The clinical spectrum of myopathies caused by statin may include myalgia, myositis, muscle pain, cramps, and less frequent rhabdomyolysis [33]. However, the exact pathophysiological mechanism(s) responsible for statin-induced myopathy is not fully known. According to a review by Gluba-Brzozka and colleagues [34], statin intolerance is mainly attributable to the perturbation of several molecular mechanisms including the reduced production of coenzyme Q10, impairment of the ubiquitin pathway, reduced production of sarcolemmal or sarcoplasmic reticular cholesterol, diminished production of prenylated proteins, disruption of calcium metabolism, induction of skeletal muscle apoptosis and mitochondrial dysfunction [34]. Alternatives to statin therapy include the use of cholesterol absorption inhibitors and bile-acid sequestrants. However, the efficacy of these drugs in reducing the levels of LDL cholesterol is much lower than that of statins. In 2015, a new class of LDL inhibitors made by human monoclonal antibodies directed against the PCSK9 enzyme, a master regulator of the LDL receptor, was approved by the US Food and Drug Administration [35]. However, the relatively high cost and the existence of conflicting data about their long-term safety profile have significantly limited the widespread use of this therapeutic tool [36]. Therefore, statins remain irreplaceable for the treatment of hypercholesterolemia and prevention of CVDs [37]. In this regard, simvastatin appears to be the best choice in terms of cost and safety, while atorvastatin and rosuvastatin are more effective to reduce cholesterol levels [38]. However, compared to atorvastatin, simvastatin is associated with a higher risk of myalgia [39].

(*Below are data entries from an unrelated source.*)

(* Let $(\mathcal W,\rhd)$ be a $\lambda$A-frame and $\eta$ a hereditary type environment. If $A\simeq B$, then $\mathcal I[A]^\eta_p=\mathcal I[B]^\eta_p$ for every $p\in\mathcal W$.
   Context: Type expressions: fix a countably infinite set of type variables $X,Y,Z,\dots$. Pseudo type expressions are generated by $A::=X\mid A\to A\mid \bullet A\mid \mu X.A$ ($\mu$ binds $X$; $\alpha$-convertible expressions are identified; $\to$ associates to the right; $\bullet$ binds tighter than $\to$, which binds tighter than $\mu$). $A[B/X]$ denotes capture-avoiding substitution. $\top$ abbreviates $\mu X.\bullet X$, and $\bullet^n A$ denotes $A$ prefixed by $n$ copies of $\bullet$. The tail $t(A)$ is defined by $t(X)=X$, $t(A\to B)=t(B)$, $t(\bullet A)=\bullet t(A)$, $t(\mu X.A)=\mu X.t(A)$; it always has the form $\bullet^{m_0}\mu X_1.\bullet^{m_1}\mu X_2.\cdots\mu X_n.\bullet^{m_n}Y$. $A$ is a $\top$-variant iff $Y=X_i$ for some $1\le i\le n$ with $X_i\notin\{X_{i+1},\dots,X_n\}$ and $m_i+\dots+m_n\ge 1$. $A$ is proper in $X$ iff: a variable $Y$ is proper in $X$ iff $Y\neq X$; $\bullet A$ is always proper in $X$; $A\to B$ is proper in $X$ iff both $A,B$ are proper in $X$ or $B$ is a $\top$-variant; for $Y\ne X$, $\mu Y.A$ is proper in $X$ iff $A$ is proper in $X$ or $\mu Y.A$ is a $\top$-variant. Type expressions are the least set of pseudo type expressions containing all type variables, closed under $\to$ and $\bullet$, and containing $\mu X.A$ whenever it contains $A$ and $A$ is proper in $X$. Equality: $\cong$ is the least relation on type expressions such that: $A\cong A$; $A\cong B$ implies $B\cong A$; $A\cong B$ and $B\cong C$ imply $A\cong C$; $A\cong B$ implies $\bullet A\cong\bullet B$; $A\cong C$ and $B\cong D$ imply $A\to B\cong C\to D$; $A\to\top\cong\top$; $\mu X.A\cong A[\mu X.A/X]$; and if $A\cong C[A/X]$ with $C$ proper in $X$, then $A\cong\mu X.C$. $\simeq$ is the least relation satisfying the same closure conditions and additionally $\bullet(A\to B)\simeq\bullet A\to\bullet B$. Semantics: a syntactical $\lambda$-algebra $(\mathcal V,\cdot,[\![-]\!])$ consists of a nonempty set $\mathcal V$, a map $\cdot:\mathcal V\times\mathcal V\to\mathcal V$, and values $[\![M]\!]_\rho\in\mathcal V$ for untyped $\lambda$-terms $M$ and maps $\rho$ from individual variables to $\mathcal V$, such that $[\![x]\!]_\rho=\rho(x)$, $[\![MN]\!]_\rho=[\![M]\!]_\rho\cdot[\![N]\!]_\rho$, $[\![\lambda x.M]\!]_\rho\cdot v=[\![M]\!]_{\rho[v/x]}$, $[\![M]\!]_\rho$ depends only on $\rho$ restricted to free variables of $M$, and $M=_\beta N$ implies $[\![M]\!]_\rho=[\![N]\!]_\rho$; fix one. A well-founded frame is a pair $(\mathcal W,\rhd)$ with $\mathcal W$ nonempty and $\rhd$ a binary relation on $\mathcal W$ admitting no infinite chain $p_0\rhd p_1\rhd p_2\rhd\cdots$; $\trianglerighteq$ denotes the reflexive-transitive closure of $\rhd$. $\rhd$ is locally linear if whenever $p\rhd q$ there is $r$ with $p\trianglerighteq r\rhd q$ such that $r\rhd s$ implies $q\trianglerighteq s$ for all $s$. A $\lambda$A-frame is a well-founded frame whose $\rhd$ is locally linear. A type environment $\eta$ assigns a set $\eta(X)_p\subseteq\mathcal V$ to each type variable $X$ and world $p$; it is hereditary if $p\rhd q$ implies $\eta(X)_p\subseteq\eta(X)_q$. For hereditary $\eta$, $\mathcal I[A]^\eta_p\subseteq\mathcal V$ is defined (by well-founded induction on $p$ and the syntactic rank of $A$) by: $\mathcal I[A]^\eta_p=\mathcal V$ if $A$ is a $\top$-variant; otherwise $\mathcal I[X]^\eta_p=\eta(X)_p$; $\mathcal I[\bullet A]^\eta_p=\{u\mid u\in\mathcal I[A]^\eta_q\text{ for all }q\text{ with }p\rhd q\}$; $\mathcal I[A\to B]^\eta_p=\{u\mid \text{for all }q\text{ with }p\trianglerighteq q\text{ and all }v\in\mathcal I[A]^\eta_q,\ u\cdot v\in\mathcal I[B]^\eta_q\}$; $\mathcal I[\mu X.A]^\eta_p=\mathcal I[A[\mu X.A/X]]^\eta_p$. *)

theory Defs
  imports Main
begin

text \<open>Pseudo type expressions, with bound type variables represented by de Bruijn
  indices, so that alpha-convertible expressions are literally identified.
  Free type variables are the indices that escape all enclosing binders;
  the free variable with index n (outside all binders) is the n-th type variable.\<close>

datatype ty = TV nat | Arrow ty ty | Nxt ty | Mu ty

fun lift_ty :: "nat \<Rightarrow> ty \<Rightarrow> ty" where
  "lift_ty k (TV i) = (if i < k then TV i else TV (Suc i))"
| "lift_ty k (Arrow A B) = Arrow (lift_ty k A) (lift_ty k B)"
| "lift_ty k (Nxt A) = Nxt (lift_ty k A)"
| "lift_ty k (Mu A) = Mu (lift_ty (Suc k) A)"

fun subst_ty :: "nat \<Rightarrow> ty \<Rightarrow> ty \<Rightarrow> ty" where
  "subst_ty k S (TV i) = (if i < k then TV i else if i = k then S else TV (i - 1))"
| "subst_ty k S (Arrow A B) = Arrow (subst_ty k S A) (subst_ty k S B)"
| "subst_ty k S (Nxt A) = Nxt (subst_ty k S A)"
| "subst_ty k S (Mu A) = Mu (subst_ty (Suc k) (lift_ty 0 S) A)"

definition unfold_mu :: "ty \<Rightarrow> ty" where
  "unfold_mu A = subst_ty 0 (Mu A) A"

definition TopT :: ty where
  "TopT = Mu (Nxt (TV 0))"

fun tail :: "ty \<Rightarrow> ty" where
  "tail (TV i) = TV i"
| "tail (Arrow A B) = tail B"
| "tail (Nxt A) = Nxt (tail A)"
| "tail (Mu A) = Mu (tail A)"

text \<open>Auxiliary check on tails: gs lists, for each enclosing mu binder (innermost first),
  whether at least one bullet occurs between that binder and the current position.
  The final variable must be bound by some enclosing binder (de Bruijn index < length gs;
  this automatically encodes that the binder is not shadowed by later ones) and there
  must be a bullet after that binder.\<close>
fun tv_aux :: "bool list \<Rightarrow> ty \<Rightarrow> bool" where
  "tv_aux gs (TV j) = (j < length gs \<and> gs ! j)"
| "tv_aux gs (Arrow A B) = tv_aux gs B"
| "tv_aux gs (Nxt A) = tv_aux (map (\<lambda>_. True) gs) A"
| "tv_aux gs (Mu A) = tv_aux (False # gs) A"

definition top_variant :: "ty \<Rightarrow> bool" where
  "top_variant A = tv_aux [] (tail A)"

fun proper :: "nat \<Rightarrow> ty \<Rightarrow> bool" where
  "proper k (TV i) = (i \<noteq> k)"
| "proper k (Nxt A) = True"
| "proper k (Arrow A B) = ((proper k A \<and> proper k B) \<or> top_variant B)"
| "proper k (Mu A) = (proper (Suc k) A \<or> top_variant (Mu A))"

inductive type_expr :: "ty \<Rightarrow> bool" where
  te_var: "type_expr (TV i)"
| te_arrow: "type_expr A \<Longrightarrow> type_expr B \<Longrightarrow> type_expr (Arrow A B)"
| te_nxt: "type_expr A \<Longrightarrow> type_expr (Nxt A)"
| te_mu: "type_expr A \<Longrightarrow> proper 0 A \<Longrightarrow> type_expr (Mu A)"

text \<open>The equality relation \<simeq> on type expressions. In the fixpoint rule,
  C is the body of mu X.C (X is de Bruijn index 0), so C[A/X] is subst_ty 0 A C.\<close>
inductive ty_eq :: "ty \<Rightarrow> ty \<Rightarrow> bool" (infix "\<simeq>\<^sub>T" 50) where
  eq_refl: "type_expr A \<Longrightarrow> A \<simeq>\<^sub>T A"
| eq_sym: "A \<simeq>\<^sub>T B \<Longrightarrow> B \<simeq>\<^sub>T A"
| eq_trans: "A \<simeq>\<^sub>T B \<Longrightarrow> B \<simeq>\<^sub>T C \<Longrightarrow> A \<simeq>\<^sub>T C"
| eq_nxt: "A \<simeq>\<^sub>T B \<Longrightarrow> Nxt A \<simeq>\<^sub>T Nxt B"
| eq_arrow: "A \<simeq>\<^sub>T C \<Longrightarrow> B \<simeq>\<^sub>T D \<Longrightarrow> Arrow A B \<simeq>\<^sub>T Arrow C D"
| eq_top: "type_expr A \<Longrightarrow> Arrow A TopT \<simeq>\<^sub>T TopT"
| eq_unfold: "type_expr (Mu A) \<Longrightarrow> Mu A \<simeq>\<^sub>T unfold_mu A"
| eq_fix: "A \<simeq>\<^sub>T subst_ty 0 A C \<Longrightarrow> type_expr C \<Longrightarrow> proper 0 C \<Longrightarrow> A \<simeq>\<^sub>T Mu C"
| eq_distr: "type_expr A \<Longrightarrow> type_expr B \<Longrightarrow>
             Nxt (Arrow A B) \<simeq>\<^sub>T Arrow (Nxt A) (Nxt B)"

datatype lam = LVar nat | LApp lam lam | LAbs lam

fun lift_lam :: "nat \<Rightarrow> lam \<Rightarrow> lam" where
  "lift_lam k (LVar i) = (if i < k then LVar i else LVar (Suc i))"
| "lift_lam k (LApp s t) = LApp (lift_lam k s) (lift_lam k t)"
| "lift_lam k (LAbs s) = LAbs (lift_lam (Suc k) s)"

fun subst_lam :: "nat \<Rightarrow> lam \<Rightarrow> lam \<Rightarrow> lam" where
  "subst_lam k u (LVar i) = (if i < k then LVar i else if i = k then u else LVar (i - 1))"
| "subst_lam k u (LApp s t) = LApp (subst_lam k u s) (subst_lam k u t)"
| "subst_lam k u (LAbs s) = LAbs (subst_lam (Suc k) (lift_lam 0 u) s)"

Unbalanced ECS activity is associated with a plethora of pathological conditions affecting both the brain and peripheral organs and tissues [11, 12, 40]. For example, chronic over-activation of CB1 receptors by higher tissue levels of endocannabinoids is recognized as a pathological mechanism causing exacerbation of inflammatory responses and oxidative stress as well as obesity and its consequences, such as type 2 diabetes, liver and kidney dysfunctions and atherogenic inflammation. In some other pathological conditions, instead, transient and site-specific activation of the ECS and its activity at either CB1 or CB2 receptors takes part in the body’s compensatory responses to several insults, thus reducing symptoms and/or slowing the progression of diseases [11]. The rationale for the present study relied on published studies documenting that CB1 receptors in skeletal muscle cells regulate important metabolic pathways including insulin sensitivity and glucose uptake [17, 41]. Additionally, we demonstrated that the pharmacological stimulation of CB1 receptors by endogenous (mainly 2-AG) or synthetic (ACEA) agonists promotes the proliferation of both murine and human myoblasts and concomitantly inhibits their differentiation into mature myotubes [15]. Accordingly, using a mouse model of Duchenne muscular dystrophy (DMD), which is the most frequent and detrimental form of hereditary myopathy, we found that the selective antagonism of CB1 by rimonabant prevents locomotor impairment and promotes muscle regeneration by halting the inflammatory response [16]. These observations suggest that muscle dystrophies such as DMD may be listed among those pathological conditions that benefit from CB1 receptor antagonism rather than agonism.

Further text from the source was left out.